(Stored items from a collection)

lemma AE_support_of_AE_mu:
  assumes "g n b \<in> borel_measurable nu"
    and "AE z in mu nu g n b. 0 < g n x z \<and> 0 < g n y z" and "\<And>z. 0 < g n x z \<Longrightarrow> 0 < g n y z \<Longrightarrow> P z"
  shows "AE z in nu. 0 < g n b z \<longrightarrow> P z"
proof -
  have "(\<lambda>z. ennreal (g n b z)) \<in> borel_measurable nu" using assms(1) by measurable
  then show ?thesis using assms(2,3) unfolding mu_def by (auto simp: AE_density elim: AE_mp)
qed

lemma measure_llr_window_tilt_lower:
  assumes x: "g n x \<in> borel_measurable nu" and y: "g n y \<in> borel_measurable nu"
    and fin: "finite_measure (mu nu g n x)"
    and pos: "AE z in mu nu g n y. 0 < g n x z \<and> 0 < g n y z" and n: "1 \<le> n"
  shows "exp (real n * (l - d)) * measure (mu nu g n y) {z \<in> space nu. llr g x n y z \<in> {l - d..l + d}}
    \<le> measure (mu nu g n x) {z \<in> space nu. llr g x n y z \<in> {l - d..l + d}}"
    (is "_ * measure _ ?W \<le> _")
  unfolding mu_def
proof (rule measure_density_le_scaled)
  show "?W \<in> sets nu" using x y by (rule llr_window_sets)
  show "emeasure (density nu (\<lambda>z. ennreal (g n x z))) ?W \<noteq> \<infinity>"
    using finite_measure.emeasure_finite[OF fin] by (simp add: mu_def)
  show "AE z in nu. 0 < g n y z \<longrightarrow> z \<in> ?W \<longrightarrow> exp (real n * (l - d)) * g n y z \<le> g n x z"
    using n by (intro AE_support_of_AE_mu[OF y pos]) (auto simp: llr_def intro: exp_mult_le_of_le_ln_ratio)
qed (use x y in simp_all)

lemma measure_llr_window_tilt_upper:
  assumes x: "g n x \<in> borel_measurable nu" and y: "g n y \<in> borel_measurable nu"
    and fin: "finite_measure (mu nu g n y)"
    and pos: "AE z in mu nu g n x. 0 < g n x z \<and> 0 < g n y z" and n: "1 \<le> n"
  shows "exp (real n * (- l - d)) * measure (mu nu g n x) {z \<in> space nu. llr g x n y z \<in> {l - d..l + d}}
    \<le> measure (mu nu g n y) {z \<in> space nu. llr g x n y z \<in> {l - d..l + d}}"
    (is "_ * measure _ ?W \<le> _")
  unfolding mu_def
proof (rule measure_density_le_scaled)
  show "?W \<in> sets nu" using x y by (rule llr_window_sets)
  show "emeasure (density nu (\<lambda>z. ennreal (g n y z))) ?W \<noteq> \<infinity>"
    using finite_measure.emeasure_finite[OF fin] by (simp add: mu_def)
  show "AE z in nu. 0 < g n x z \<longrightarrow> z \<in> ?W \<longrightarrow> exp (real n * (- l - d)) * g n x z \<le> g n y z"
    using n by (intro AE_support_of_AE_mu[OF x pos])
      (auto simp: llr_def intro: exp_mult_le_of_ln_ratio_le[where b = "l + d", simplified])
qed (use x y in simp_all)

lemma add_scaled_log_le_of_exp_mult_le:
  assumes n: "1 \<le> n" and q: "0 \<le> q" and le: "exp (real n * c) * q \<le> p"
  shows "ereal c + scaled_log n q \<le> scaled_log n p"
proof (cases "q = 0")
  case False
  with q have "0 < q" by simp
  then have "0 < exp (real n * c) * q" by simp
  with le have "0 < p" by linarith
  have "real n * c + ln q = ln (exp (real n * c) * q)"
    using \<open>0 < q\<close> by (simp add: ln_mult)
  also have "\<dots> \<le> ln p"
    using le \<open>0 < exp (real n * c) * q\<close> by simp
  finally have "(real n * c + ln q) / real n \<le> ln p / real n"
    by (simp add: divide_right_mono)
  then have "c + ln q / real n \<le> ln p / real n"
    using n by (simp add: add_divide_distrib)
  with \<open>0 < q\<close> \<open>0 < p\<close> show ?thesis by (simp add: scaled_log_def)
qed (simp add: scaled_log_def)

text \<open>Closed level sets make \<open>J\<close> lower semicontinuous, so its infimum over shrinking
  windows around \<open>l\<close> converges to \<open>J l\<close>.\<close>

lemma le_of_INF_window_le:
  fixes J :: "real \<Rightarrow> ereal"
  assumes closed: "\<And>c. closed {x. J x \<le> ereal c}"
    and window: "\<And>d. 0 < d \<Longrightarrow> (INF x\<in>{l - d..l + d}. J x) \<le> K + ereal d"
  shows "J l \<le> K"
proof (rule ccontr)
  assume "\<not> J l \<le> K"
  then have "K < J l" by simp
  then obtain c where "K < ereal c" "ereal c < J l"
    using ereal_dense2 by blast
  from \<open>K < ereal c\<close> obtain c' where "K < ereal c'" "ereal c' < ereal c"
    using ereal_dense2 by blast
  have "open (- {x. J x \<le> ereal c})" using closed by auto
  moreover have "l \<in> - {x. J x \<le> ereal c}" using \<open>ereal c < J l\<close> by auto
  ultimately obtain r where "0 < r" and r: "\<And>y. dist y l < r \<Longrightarrow> y \<in> - {x. J x \<le> ereal c}"
    unfolding open_dist by (metis dist_commute)
  define d where "d = min (r / 2) (c - c')"
  have "0 < d" "d < r" "d \<le> c - c'"
    using \<open>0 < r\<close> \<open>ereal c' < ereal c\<close> by (simp_all add: d_def)
  have "ereal c \<le> (INF x\<in>{l - d..l + d}. J x)"
  proof (rule INF_greatest)
    fix x assume "x \<in> {l - d..l + d}"
    then have "dist x l < r" using \<open>d < r\<close> by (simp add: dist_real_def abs_less_iff)
    then show "ereal c \<le> J x" using r[of x] by simp
  qed
  also have "\<dots> \<le> K + ereal d" using window \<open>0 < d\<close> by simp
  also have "\<dots> < ereal c"
    using \<open>K < ereal c'\<close> \<open>d \<le> c - c'\<close> by (cases K) auto
  finally show False by simp
qed

text \<open>Here \<open>p d n\<close> and \<open>q d n\<close> stand for the probabilities of the window \<open>[l - d, l + d]\<close>
  at stage \<open>n\<close> under two laws with rate functions \<open>J\<close> and \<open>K\<close>.\<close>

lemma rate_le_of_tilt:
  fixes J K :: "real \<Rightarrow> ereal" and p q :: "real \<Rightarrow> nat \<Rightarrow> real"
  assumes K_closed: "\<And>y. closed {x. K x \<le> ereal y}"
    and p_lower: "\<And>d. 0 < d \<Longrightarrow> - J l \<le> liminf (\<lambda>n. scaled_log n (p d n))"
    and q_upper: "\<And>d. 0 < d \<Longrightarrow> limsup (\<lambda>n. scaled_log n (q d n)) \<le> - (INF x\<in>{l - d..l + d}. K x)"
    and p_nonneg: "\<And>d n. 0 \<le> p d n"
    and tilt: "\<And>d n. 0 < d \<Longrightarrow> 1 \<le> n \<Longrightarrow> exp (real n * (c - d)) * p d n \<le> q d n"
  shows "K l \<le> J l - ereal c"
proof (rule le_of_INF_window_le[OF K_closed])
  fix d :: real assume "0 < d"
  have "ereal (c - d) + - J l \<le> ereal (c - d) + liminf (\<lambda>n. scaled_log n (p d n))"
    using p_lower[OF \<open>0 < d\<close>] by (rule add_left_mono)
  also have "\<dots> = liminf (\<lambda>n. ereal (c - d) + scaled_log n (p d n))"
    by (rule Liminf_add_ereal_left[symmetric]) simp_all
  also have "\<dots> \<le> liminf (\<lambda>n. scaled_log n (q d n))"
    using eventually_ge_at_top[of 1]
    by (intro Liminf_mono, eventually_elim) (simp add: add_scaled_log_le_of_exp_mult_le p_nonneg tilt \<open>0 < d\<close>)
  also have "\<dots> \<le> limsup (\<lambda>n. scaled_log n (q d n))"
    by (rule Liminf_le_Limsup) simp
  also have "\<dots> \<le> - (INF x\<in>{l - d..l + d}. K x)"
    using q_upper[OF \<open>0 < d\<close>] .
  finally show "(INF x\<in>{l - d..l + d}. K x) \<le> J l - ereal c + ereal d"
    by (cases "J l"; cases "INF x\<in>{l - d..l + d}. K x") auto
qed

lemma rate_eq_of_tilt:
  fixes J K :: "real \<Rightarrow> ereal" and p q :: "real \<Rightarrow> nat \<Rightarrow> real"
  assumes J_closed: "\<And>y. closed {x. J x \<le> ereal y}" and K_closed: "\<And>y. closed {x. K x \<le> ereal y}"
    and p_lower: "\<And>d. 0 < d \<Longrightarrow> - J l \<le> liminf (\<lambda>n. scaled_log n (p d n))"
    and q_lower: "\<And>d. 0 < d \<Longrightarrow> - K l \<le> liminf (\<lambda>n. scaled_log n (q d n))"
    and p_upper: "\<And>d. 0 < d \<Longrightarrow> limsup (\<lambda>n. scaled_log n (p d n)) \<le> - (INF x\<in>{l - d..l + d}. J x)"
    and q_upper: "\<And>d. 0 < d \<Longrightarrow> limsup (\<lambda>n. scaled_log n (q d n)) \<le> - (INF x\<in>{l - d..l + d}. K x)"
    and p_nonneg: "\<And>d n. 0 \<le> p d n" and q_nonneg: "\<And>d n. 0 \<le> q d n"
    and tilt_pq: "\<And>d n. 0 < d \<Longrightarrow> 1 \<le> n \<Longrightarrow> exp (real n * (l - d)) * p d n \<le> q d n"
    and tilt_qp: "\<And>d n. 0 < d \<Longrightarrow> 1 \<le> n \<Longrightarrow> exp (real n * (- l - d)) * q d n \<le> p d n"
  shows "K l = J l - ereal l"
proof -
  have "K l \<le> J l - ereal l"
    using K_closed p_lower q_upper p_nonneg tilt_pq by (rule rate_le_of_tilt[where c = l])
  moreover have "J l \<le> K l - ereal (- l)"
    using J_closed q_lower p_upper q_nonneg tilt_qp by (rule rate_le_of_tilt[where c = "- l"])
  ultimately show ?thesis
    by (cases "J l"; cases "K l") auto
qed
text \<open>The slack bounds the price \<open>p\<^sub>j \<le> B^(2^j)\<close> of an earlier option \<open>j \<ge> 1\<close>;
  against the null option (\<open>j = 0\<close>) none is needed.\<close>
lemma aligned_price_le_gap_term:
  assumes i: "1 \<le> i" "aligned i" and j: "j < i"
  shows "price i - (if i = 1 then 0 else B ^ 2 ^ (i - 1))
    \<le> scale i * (x0 X i \<bullet> (coeff i *\<^sub>R x0 X i - coeff j *\<^sub>R x0 X j))"
proof -
  have value_i: "vpt B X i \<bullet> alloc i = scale i * (coeff i * (X i \<bullet> X i))"
    using alloc_eq_coeff[OF i] unfolding vpt_eq_scale by simp
  have slack: "0 \<le> (if i = 1 then 0 else B ^ 2 ^ (i - 1))"
    using base_pos by simp
  show ?thesis
  proof (cases "j = 0")
    case True
    thus ?thesis using price_le_value[OF i(1)] value_i slack i(1)
      by (simp add: x0_def coeff_def inner_diff_right)
  next
    case False
    hence j1: "1 \<le> j" by simp
    have "price j \<le> B ^ 2 ^ j" by (rule price_le_level[OF j1])
    also have "\<dots> \<le> B ^ 2 ^ (i - 1)" using base_ge j by (intro power_increasing) auto
    finally have "price j \<le> (if i = 1 then 0 else B ^ 2 ^ (i - 1))" using j j1 by auto
    moreover have "x0 X i \<bullet> (coeff i *\<^sub>R x0 X i - coeff j *\<^sub>R x0 X j)
        = coeff i * (X i \<bullet> X i) - coeff j * (X i \<bullet> X j)"
      using i(1) j1 by (simp add: x0_def inner_diff_right)
    ultimately show ?thesis
      using incentive_compatible[OF i(1) j1] scaled_coeff_inner_le[OF i(1) j1] value_i
      by (simp add: right_diff_distrib)
  qed
qed

lemma aligned_rev_le_sgap:
  assumes i: "1 \<le> i"
  shows "aligned_rev sel (vpt B X i)
    \<le> scale i * max 0 (sgap X coeff i) + (if i = 1 then 0 else B ^ 2 ^ (i - 1))"
proof (cases "aligned i")
  case False
  thus ?thesis using scale_pos[OF i] base_pos by (simp add: aligned_rev_def aligned_def alloc_def)
next
  case True
  have "(price i - (if i = 1 then 0 else B ^ 2 ^ (i - 1))) / scale i \<le> sgap X coeff i"
    unfolding sgap_def
  proof (rule Min.boundedI)
    show "(\<lambda>j. x0 X i \<bullet> (coeff i *\<^sub>R x0 X i - coeff j *\<^sub>R x0 X j)) ` {..<i} \<noteq> {}"
      using i by (auto simp: lessThan_empty_iff)
    show "(price i - (if i = 1 then 0 else B ^ 2 ^ (i - 1))) / scale i \<le> a"
      if "a \<in> (\<lambda>j. x0 X i \<bullet> (coeff i *\<^sub>R x0 X i - coeff j *\<^sub>R x0 X j)) ` {..<i}" for a
      using that aligned_price_le_gap_term[OF i True] scale_pos[OF i]
      by (auto simp: divide_le_eq mult.commute)
  qed simp
  hence "price i - (if i = 1 then 0 else B ^ 2 ^ (i - 1)) \<le> scale i * sgap X coeff i"
    using scale_pos[OF i] by (simp add: divide_le_eq mult.commute)
  also have "\<dots> \<le> scale i * max 0 (sgap X coeff i)"
    using scale_pos[OF i] by (intro mult_left_mono) auto
  finally show ?thesis using True by (simp add: aligned_rev_def aligned_def alloc_def price_def)
qed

**What the task requires**
Among the lines above, find those that contain the word "False" and copy them.

**Response to this task**
  case False
  finally show False by simp
    case False
  case False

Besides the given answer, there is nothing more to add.